Kafka Smart Monitoring / Kafka Connect for Splunk demo cookbook
git clone https://github.com/guilhemmarchand/kafka-docker-splunk.git
Any Splunk configuration as index or sourcetype definition required in the following demos are already available to the Splunk instance if you use the Splunk On Docker template.
To run a Splunk instance in Docker in the guest:
cd kafka-docker-splunk/template_docker_splunk_ondocker/
docker compose up -d --no-deps splunk
sleep 15
docker compose up -d zookeeper-1
docker compose up -d zookeeper-2
docker compose up -d zookeeper-3
sleep 15
docker compose up -d kafka-1
docker compose up -d kafka-2
docker compose up -d kafka-3
sleep 15
docker compose up -d kafka-connect-1
docker compose up -d telegraf
docker compose up -d kafka-data-gen
Optionally:
docker compose up -d burrow
docker compose up -d kafka-monitor
Confluent Optionally:
docker compose up -d schema-registry
docker compose up -d ksql-server
docker compose up -d kafka-rest
To use a Splunk instance running locally or elsewhere:
cd kafka-docker-splunk/template_docker_splunk_localhost/
If the Splunk instance is hosted elsewhere than the host, edit docker compose.yml and update the HEC target
docker compose up -d zookeeper-1
docker compose up -d zookeeper-2
docker compose up -d zookeeper-3
sleep 15
docker compose up -d kafka-1
docker compose up -d kafka-2
docker compose up -d kafka-3
sleep 15
docker compose up -d kafka-connect-1
docker compose up -d telegraf
docker compose up -d kafka-data-gen
Optionally:
docker compose up -d burrow
docker compose up -d kafka-monitor
Confluent Optionally:
docker compose up -d schema-registry
docker compose up -d ksql-server
docker compose up -d kafka-rest
Access the Splunk UI: (if running in Docker / localhost)

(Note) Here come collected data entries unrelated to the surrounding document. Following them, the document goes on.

section \<open>Counting normal words\<close>

lemma card_normal_words_Suc:
  "card (normal_words (Suc n)) = (\<Sum>a\<in>letters. card {w \<in> normal_words n. may_precede a w})"
proof -
  let ?S = "SIGMA a:letters. {w \<in> normal_words n. may_precede a w}"
  have "normal_words (Suc n) = (\<lambda>(a, w). a # w) ` ?S"
  proof (intro equalityI subsetI)
    fix x assume "x \<in> normal_words (Suc n)"
    then obtain a w where "x = a # w" "a \<in> letters" "may_precede a w" "normal_word w" "length w = n"
      by (auto simp: normal_words_def words_def length_Suc_conv)
    then show "x \<in> (\<lambda>(a, w). a # w) ` ?S"
      by (auto simp: normal_words_def words_def dest: normal_word_is_word)
  qed (auto simp: normal_words_def words_def dest: normal_word_is_word)
  moreover have "inj_on (\<lambda>(a, w). a # w) ?S"
    by (rule inj_onI) auto
  ultimately show ?thesis
    by (simp add: card_image card_SigmaI letters_def)
qed

lemma normal_word_headed_by_7: "normal_word w \<Longrightarrow> w = [] \<or> hd w = 7 \<Longrightarrow> set w \<subseteq> {7}"
  by (induction w) (auto simp: may_precede_def)

lemma normal_word_replicate_7: "normal_word (replicate n 7)"
proof (induction n)
  case (Suc n)
  have "may_precede 7 (replicate n 7)"
    by (cases n) (simp_all add: may_precede_def)
  with Suc show ?case by simp
qed simp

lemma card_may_precede_7: "card {w \<in> normal_words n. may_precede 7 w} = 1"
proof -
  have "{w \<in> normal_words n. may_precede 7 w} = {replicate n 7}"
  proof (intro equalityI subsetI)
    fix w :: "nat list" assume w: "w \<in> {w \<in> normal_words n. may_precede 7 w}"
    then have "set w \<subseteq> {7}" and "length w = n"
      using normal_word_headed_by_7[of w] by (auto simp: normal_words_def words_def may_precede_def)
    then show "w \<in> {replicate n 7}"
      by (auto intro: replicate_length_same[symmetric])
  next
    fix w :: "nat list" assume "w \<in> {replicate n 7}"
    then show "w \<in> {w \<in> normal_words n. may_precede 7 w}"
      using normal_word_replicate_7[of n] normal_word_is_word[OF normal_word_replicate_7[of n]]
      by (cases n) (auto simp: normal_words_def words_def may_precede_def)
  qed
  then show ?thesis by simp
qed

lemma card_may_precede_6:
  "card {w \<in> normal_words n. may_precede 6 w} + card {w \<in> normal_words n. w \<noteq> [] \<and> hd w = 1} =
    card (normal_words n)"
proof -
  let ?H = "{w \<in> normal_words n. w \<noteq> [] \<and> hd w = 1}"
  have "{w \<in> normal_words n. may_precede 6 w} = normal_words n - ?H"
    by (auto simp: may_precede_def)
  moreover have "card ?H \<le> card (normal_words n)"
    by (rule card_mono) auto
  ultimately show ?thesis
    by (simp add: card_Diff_subset)
qed

lemma card_normal_words_head_1:
  "card {w \<in> normal_words (Suc n). w \<noteq> [] \<and> hd w = 1} = card (normal_words n)"
proof -
  have "{w \<in> normal_words (Suc n). w \<noteq> [] \<and> hd w = 1} = (\<lambda>w. 1 # w) ` normal_words n"
  proof (intro equalityI subsetI)
    fix x :: "nat list" assume x: "x \<in> {w \<in> normal_words (Suc n). w \<noteq> [] \<and> hd w = 1}"
    then obtain w where "x = 1 # w" by (cases x) auto
    with x show "x \<in> (\<lambda>w. 1 # w) ` normal_words n"
      by (auto simp: normal_words_def words_def)
  qed (auto simp: normal_words_def words_def may_precede_def)
  then show ?thesis
    by (simp add: card_image)
qed

lemma card_normal_words_recurrence:
  "card (normal_words (Suc (Suc n))) + card (normal_words n) = 6 * card (normal_words (Suc n)) + 1"
proof -
  have other: "{w \<in> normal_words m. may_precede a w} = normal_words m" if "a \<noteq> 6" "a \<noteq> 7" for a m
    using that by (simp add: may_precede_def)
  have "card (normal_words (Suc m)) + card {w \<in> normal_words m. w \<noteq> [] \<and> hd w = 1} =
      6 * card (normal_words m) + 1" for m
    using card_may_precede_6[of m]
    by (simp add: card_normal_words_Suc letters_eq other card_may_precede_7)
  from this[of "Suc n"] show ?thesis
    unfolding card_normal_words_head_1 .
qed

lemma normal_words_0: "normal_words 0 = {[]}"
  by (auto simp: normal_words_def words_def)

lemma card_normal_words_1: "card (normal_words 1) = 7"
proof -
  have "{w \<in> normal_words 0. may_precede a w} = {[]}" for a
    by (auto simp: normal_words_0 may_precede_def)
  then show ?thesis
    using card_normal_words_Suc[of 0] by (simp add: letters_def)
qed

unbundle fps_syntax

lemma inverse_cubic_eq_Abs_fps:
  fixes a :: "nat \<Rightarrow> 'a::field"
  assumes a0: "a 0 = 1" and a1: "a 1 = 7" and rec: "\<And>n. a (n + 2) + a n = 6 * a (n + 1) + 1"
  shows "inverse (1 - 7 * fps_X + 7 * fps_X ^ 2 - fps_X ^ 3) = Abs_fps a"
proof (rule fps_inverse_unique)
  have quadratic: "(1 - 6 * fps_X + fps_X ^ 2) * Abs_fps a = Abs_fps (\<lambda>_. 1)"
  proof (rule fps_ext)
    fix n
    show "((1 - 6 * fps_X + fps_X ^ 2) * Abs_fps a) $ n = Abs_fps (\<lambda>_. 1) $ n"
    proof (cases "n < 2")
      case True
      then have "n = 0 \<or> n = 1" by auto
      then show ?thesis
        using a0 a1 by (auto simp: algebra_simps fps_X_power_mult_nth)
    next
      case False
      then obtain m where "n = m + 2"
        by (metis add.commute le_add_diff_inverse not_less)
      then show ?thesis
        using rec[of m] by (simp add: algebra_simps fps_X_power_mult_nth numeral_2_eq_2 fps_numeral_fps_const)
    qed
  qed
  have "1 - 7 * fps_X + 7 * fps_X ^ 2 - fps_X ^ 3 = (1 - fps_X) * (1 - 6 * fps_X + fps_X ^ 2 :: 'a fps)"
    by (simp add: algebra_simps power2_eq_square power3_eq_cube)
  then have "(1 - 7 * fps_X + 7 * fps_X ^ 2 - fps_X ^ 3) * Abs_fps a = (1 - fps_X) * Abs_fps (\<lambda>_. 1 :: 'a)"
    by (simp add: mult.assoc quadratic)
  also have "\<dots> = 1"
    using inverse_mult_eq_1'[of "1 - fps_X :: 'a fps"] by (simp add: fps_inverse_one_minus_fps_X)
  finally show "(1 - 7 * fps_X + 7 * fps_X ^ 2 - fps_X ^ 3) * Abs_fps a = 1" .
qed

theorem proposition4p2:
  shows "hilbert_series TYPE('k::field) =
    inverse (1 - 7 * fps_X + 7 * fps_X ^ 2 - fps_X ^ 3)"
proof -
  have "hilbert_series TYPE('k) = Abs_fps (\<lambda>n. of_nat (card (normal_words n)))"
    by (simp add: hilbert_series_def hilb_dim_eq_card_normal_words)
  also have "\<dots> = inverse (1 - 7 * fps_X + 7 * fps_X ^ 2 - fps_X ^ 3)"
  proof (rule inverse_cubic_eq_Abs_fps[symmetric])
    show "of_nat (card (normal_words (n + 2))) + of_nat (card (normal_words n)) =
        6 * of_nat (card (normal_words (n + 1))) + (1 :: rat)" for n
      using arg_cong[OF card_normal_words_recurrence[of n], of "of_nat :: nat \<Rightarrow> rat"] by simp
  qed (use card_normal_words_1 in \<open>simp_all add: normal_words_0\<close>)
  finally show ?thesis .
qed

end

Install the Kafka Smart Monitoring app:
https://splunkbase.splunk.com/app/4268/
If Splunk is not running in Docker with provided templates, you can simple install these base config apps to pre-configure an HEC token, indexers and some other configuration items:
https://github.com/guilhemmarchand/kafka-docker-splunk/tree/master/splunk
- TA-docker-kafka
- TA-telegraf-kafka
Once everything is up and running, the UI would show components discovered:
The most convenient and the most performing way of ingesting Kafka messages in Splunk is to target the HEC event endpoint.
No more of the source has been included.